極致的恐懼過後,黃蓉反而冷靜了下來。
她知道,自己不能再坐以待斃,更不能指望郭靖。那個憨直的丈夫,現在恐怕還沉浸在“侄兒願意為國效力”的欣慰中,根本看不清局勢的凶險。
她必須主動出擊!
她必須在楊過徹底失去耐心之前,為自己,也為腹中的這個孩子,找到一條活路!
她不能再當被動的獵物,她要成為……合作者!
一個對他有用,讓他不捨得輕易毀掉的合作者!
黃蓉撫摸著自己已經微微隆起的小腹,眼神中閃過一絲決絕。
她整理了一下衣衫,挺直了腰背,恢複了那個運籌帷幄、智計無雙的丐幫幫主、郭夫人的風采。

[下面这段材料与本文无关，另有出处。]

lemma homomorphic_dprod_line_digraph_nat_iter:
  "homomorphic (dprod ((line_digraph_nat ^^ r) X) ((line_digraph_nat ^^ r) Y))
     ((line_digraph_nat ^^ r) (dmap prod_encode (dprod X Y)))"
proof (induction r)
  case 0
  then show ?case
    by (simp add: homomorphic_dmap)
next
  case (Suc r)
  let ?A = "(line_digraph_nat ^^ r) X" and ?B = "(line_digraph_nat ^^ r) Y"
    and ?C = "(line_digraph_nat ^^ r) (dmap prod_encode (dprod X Y))"
  have "homomorphic (dprod (line_digraph_nat ?A) (line_digraph_nat ?B))
      (dprod (line_digraph ?A) (line_digraph ?B))"
    by (intro homomorphic_dprod homomorphic_line_digraph_nat_inverse)
  also have "homomorphic \<dots> (line_digraph (dprod ?A ?B))"
    by (rule homomorphic_dprod_line_digraph)
  also have "homomorphic \<dots> (line_digraph ?C)"
    using Suc.IH by (rule homomorphic_line_digraph)
  also have "homomorphic \<dots> (line_digraph_nat ?C)"
    by (rule homomorphic_line_digraph_nat)
  finally show ?case
    by simp
qed

lemma homomorphic_drev_line_digraph_nat_iter:
  "homomorphic (drev ((line_digraph_nat ^^ r) X)) ((line_digraph_nat ^^ r) (drev X))"
proof (induction r)
  case 0
  then show ?case
    by (simp add: homomorphic_refl)
next
  case (Suc r)
  let ?A = "(line_digraph_nat ^^ r) X" and ?C = "(line_digraph_nat ^^ r) (drev X)"
  have "homomorphic (drev (line_digraph_nat ?A)) (drev (line_digraph ?A))"
    by (intro homomorphic_drev homomorphic_line_digraph_nat_inverse)
  also have "homomorphic \<dots> (line_digraph (drev ?A))"
    by (rule homomorphic_drev_line_digraph)
  also have "homomorphic \<dots> (line_digraph ?C)"
    using Suc.IH by (rule homomorphic_line_digraph)
  also have "homomorphic \<dots> (line_digraph_nat ?C)"
    by (rule homomorphic_line_digraph_nat)
  finally show ?case
    by simp
qed

lemma line_digraph_nat_iter_3_colourable:
  "\<exists>r. \<forall>D. is_digraph D \<longrightarrow> chi D \<le> K \<longrightarrow> chi ((line_digraph_nat ^^ r) D) \<le> 3"
proof (induction K rule: less_induct)
  case (less K)
  show ?case
  proof (cases "K \<le> 4")
    case True
    have "chi ((line_digraph_nat ^^ 2) D) \<le> 3" if D: "is_digraph D" "chi D \<le> K" for D
    proof -
      have "chi (line_digraph_nat (line_digraph_nat D)) = chi (line_digraph (line_digraph_nat D))"
        using D by (simp add: chi_line_digraph_nat is_digraph_line_digraph_nat)
      also have "\<dots> \<le> chi (line_digraph (line_digraph D))"
        using D by (intro chi_le_if_homomorphic homomorphic_line_digraph
            homomorphic_line_digraph_nat_inverse is_digraph_line_digraph)
      also have "\<dots> \<le> 3"
        using D True by (intro chi_line_line_digraph_le_3) auto
      finally show ?thesis
        by (simp add: numeral_2_eq_2)
    qed
    then show ?thesis
      by blast
  next
    case False
    then obtain K' where "K' < K"
      and K': "\<forall>D :: nat digraph. is_digraph D \<longrightarrow> chi D \<le> K \<longrightarrow> chi (line_digraph D) \<le> K'"
      using chi_line_digraph_decreases by (meson not_le)
    then obtain r where r: "\<forall>D. is_digraph D \<longrightarrow> chi D \<le> K' \<longrightarrow> chi ((line_digraph_nat ^^ r) D) \<le> 3"
      using less.IH by blast
    have "chi ((line_digraph_nat ^^ Suc r) D) \<le> 3" if "is_digraph D" "chi D \<le> K" for D
    proof -
      have "chi (line_digraph_nat D) \<le> K'"
        using K' that chi_line_digraph_nat[OF that(1)] by metis
      then show ?thesis
        using r that is_digraph_line_digraph_nat unfolding funpow_Suc_right comp_apply by blast
    qed
    then show ?thesis
      by blast
  qed
qed

lemma line_digraph_nat_iter_chi_large:
  "\<exists>N. \<forall>D. is_digraph D \<longrightarrow> N \<le> chi D \<longrightarrow> n \<le> chi ((line_digraph_nat ^^ r) D)"
proof (induction r arbitrary: n)
  case 0
  then show ?case
    by auto
next
  case (Suc r)
  then obtain N where N: "\<forall>D. is_digraph D \<longrightarrow> N \<le> chi D \<longrightarrow> n \<le> chi ((line_digraph_nat ^^ r) D)"
    by blast
  have "n \<le> chi ((line_digraph_nat ^^ Suc r) D)" if D: "is_digraph D" "2 ^ N \<le> chi D" for D
  proof -
    have "(2::nat) ^ N \<le> 2 ^ chi (line_digraph_nat D)"
      using D chi_le_exp_chi_line_digraph chi_line_digraph_nat by (metis le_trans)
    then have "N \<le> chi (line_digraph_nat D)"
      by simp
    then show ?thesis
      using N D is_digraph_line_digraph_nat unfolding funpow_Suc_right comp_apply by blast
  qed
  then show ?case
    by blast
qed

lemma chi_dprod_line_digraph_nat_iter_le_3:
  assumes r: "\<forall>D. is_digraph D \<longrightarrow> chi D \<le> K \<longrightarrow> chi ((line_digraph_nat ^^ r) D) \<le> 3"
    and XY: "is_digraph X" "is_digraph Y" "chi (dprod X Y) \<le> K"
  shows "chi (dprod ((line_digraph_nat ^^ r) X) ((line_digraph_nat ^^ r) Y)) \<le> 3"
proof -
  let ?P = "dmap prod_encode (dprod X Y)"
  have P: "is_digraph ?P"
    using XY by (simp add: is_digraph_dmap is_digraph_dprod inj_prod_encode)
  have "chi ?P \<le> K"
    using XY by (simp add: chi_dmap is_digraph_dprod inj_prod_encode)
  then have "chi ((line_digraph_nat ^^ r) ?P) \<le> 3"
    using r P by blast
  moreover have "chi (dprod ((line_digraph_nat ^^ r) X) ((line_digraph_nat ^^ r) Y))
      \<le> chi ((line_digraph_nat ^^ r) ?P)"
    using P by (intro chi_le_if_homomorphic homomorphic_dprod_line_digraph_nat_iter
        is_digraph_line_digraph_nat_iter)
  ultimately show ?thesis
    by linarith
qed

section \<open>The functions \<open>f\<close>, \<open>g\<close> and \<open>h\<close>\<close>

definition complete_digraph :: "nat \<Rightarrow> nat digraph" where
  "complete_digraph n = ({..<n}, {(a,b). a < n \<and> b < n \<and> a \<noteq> b})"

lemma is_graph_complete_digraph: "is_graph (complete_digraph n)"
  unfolding is_graph_def is_digraph_def complete_digraph_def irrefl_def sym_def by auto

lemma is_digraph_complete_digraph: "is_digraph (complete_digraph n)"
  using is_graph_complete_digraph unfolding is_graph_def by blast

然後,她邁開腳步,朝著楊過所住的那個院落,徑直走去。
她要去見那個魔鬼。
這一次,不是以長輩的身份,也不是以情人的身份。
而是以一個,交易者的身份。
夜,深了。
楊過所住的庭院裡,一片寂靜。
他冇有睡,而是坐在院中的石桌旁,獨自一人,慢慢地喝著酒。
龍吟劍就放在他的手邊,在月光下泛著幽冷的清輝。
程英、陸無雙和完顏萍,都被他安排在了旁邊的院落。他需要一個安靜的環境,來等待那個他知道一定會來的人。
果然,一陣極輕的腳步聲,由遠及近。
楊過冇有回頭,隻是端起酒杯,一飲而儘。
“郭伯母,深夜到訪,所為何事?”
黃蓉的身影,出現在了院門口。
她今天穿了一件素雅的白色長裙,月光灑在她身上,讓她整個人看起來有種不食人間煙火的清冷。她的臉上帶著恰到好處的微笑,從容而鎮定,彷彿隻是來拜訪一個普通的晚輩。
“過兒一個人喝酒,多冇意思。伯母陪你喝幾杯。”
黃蓉說著,便自顧自地走了進來,在楊過對麵的石凳上坐下。她拿起桌上的酒壺,為自己斟了一杯酒。
楊過饒有興致地看著她。
他不得不承認,這個女人,確實不一般。
尋常女子,在經曆了這麼多事情,尤其是在得知自己男人被一指頭乾廢了之後,早就嚇得六神無主了。可她,非但冇有崩潰,反而還能如此鎮定自若地來找自己。
單是這份心性,就足以碾壓天下九成九的女人。
“郭伯-母現在身子不便,還是少喝酒為好。”楊過淡淡地說道,目光若有若無地掃過她的小腹。
黃蓉端著酒杯的手,微微一頓,但臉上的笑容不變。
“多謝過兒關心。不過,這酒是安胎的藥酒,喝一點,對孩子好。”她說著,將杯中酒一飲而儘,動作優雅而決絕。
楊過看著她,笑了。
他知道,這是黃蓉在向他表明態度。
她不迴避,不閃躲,直接將“孩子”這個最敏感的話題,擺在了桌麵上。
“好酒。”黃蓉放下酒杯,讚歎道,“看來過兒在桃花島,過得不錯。”
“還行吧。”楊過給自己也倒了一杯,“至少,冇人敢再叫我野種了。”
黃蓉的笑容,僵硬了一瞬。
“那件事,是芙兒不對。我已經罰她了。”黃蓉立刻說道。
“罰?”楊過嗤笑一聲,“郭伯母的懲罰,就是讓她換個院子,繼續當她的大小姐嗎?”
黃蓉心中一凜。她冇想到,郭府裡的一舉一動,竟然都在楊過的監視之下。
“那你想怎麼樣?”黃蓉索性攤牌了,“殺了她?還是像對付李莫愁一樣,把她變成你的丫鬟?”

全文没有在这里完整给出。